[Stored data]
definition laplacian :: "(real^'n::finite \<Rightarrow> real) \<Rightarrow> real^'n \<Rightarrow> real" where
  "laplacian f x = (\<Sum>i\<in>UNIV. deriv (deriv (\<lambda>t. f (x + t *\<^sub>R axis i 1))) 0)"

end

theory Submission
  imports Defs
begin

text \<open>Under the substitution c = cos \<theta>, the map g becomes the arc-cosine kernel
  kappa c = ((pi - arccos c) c + sqrt (1 - c^2)) / pi, so L depends on x only through
  r = norm x and c = x_1 / r: L = r^2 / 2 - r \<Psi>(c) + 1/2, with \<Psi> the d-fold iterate of kappa.
  For any such function the Laplacian is n - ((n - 1)(\<Psi> - c \<Psi>') + (1 - c^2) \<Psi>'') / r.
  Since kappa is increasing, convex, nonnegative, above the diagonal and has slope at most 1,
  its iterate satisfies \<Psi> \<ge> c, 0 \<le> \<Psi>' \<le> 1, \<Psi>'' \<ge> 0 and \<Psi> \<ge> 0. For c \<ge> 0 this gives
  \<Psi> - c \<Psi>' \<ge> 0, hence the bound n; for c \<le> 0 everything beyond (n - 2) \<Psi> in the numerator
  is nonnegative, which is the obtuse bound.\<close>

definition kappa :: "real \<Rightarrow> real" where
  "kappa c = ((pi - arccos c) * c + sqrt (1 - c\<^sup>2)) / pi"

definition kappa' :: "real \<Rightarrow> real" where
  "kappa' c = (pi - arccos c) / pi"

definition kappa'' :: "real \<Rightarrow> real" where
  "kappa'' c = 1 / (pi * sqrt (1 - c\<^sup>2))"

lemma has_real_derivative_kappa:
  assumes "-1 < c" "c < 1"
  shows "(kappa has_real_derivative kappa' c) (at c)"
proof -
  have s: "0 < 1 - c\<^sup>2" using assms by (simp add: abs_square_less_1)
  show ?thesis
    unfolding kappa_def[abs_def]
    using assms s
    by (auto intro!: derivative_eq_intros DERIV_arccos[OF assms] DERIV_real_sqrt[OF s]
        simp: kappa'_def field_simps power2_eq_square)
qed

▶ Prompt:
Word for word, repeat the data from its first line through the line with "text \<open>Under the", including both of those lines and no others.

▶ Result below:
definition laplacian :: "(real^'n::finite \<Rightarrow> real) \<Rightarrow> real^'n \<Rightarrow> real" where
  "laplacian f x = (\<Sum>i\<in>UNIV. deriv (deriv (\<lambda>t. f (x + t *\<^sub>R axis i 1))) 0)"

end

theory Submission
  imports Defs
begin

text \<open>Under the substitution c = cos \<theta>, the map g becomes the arc-cosine kernel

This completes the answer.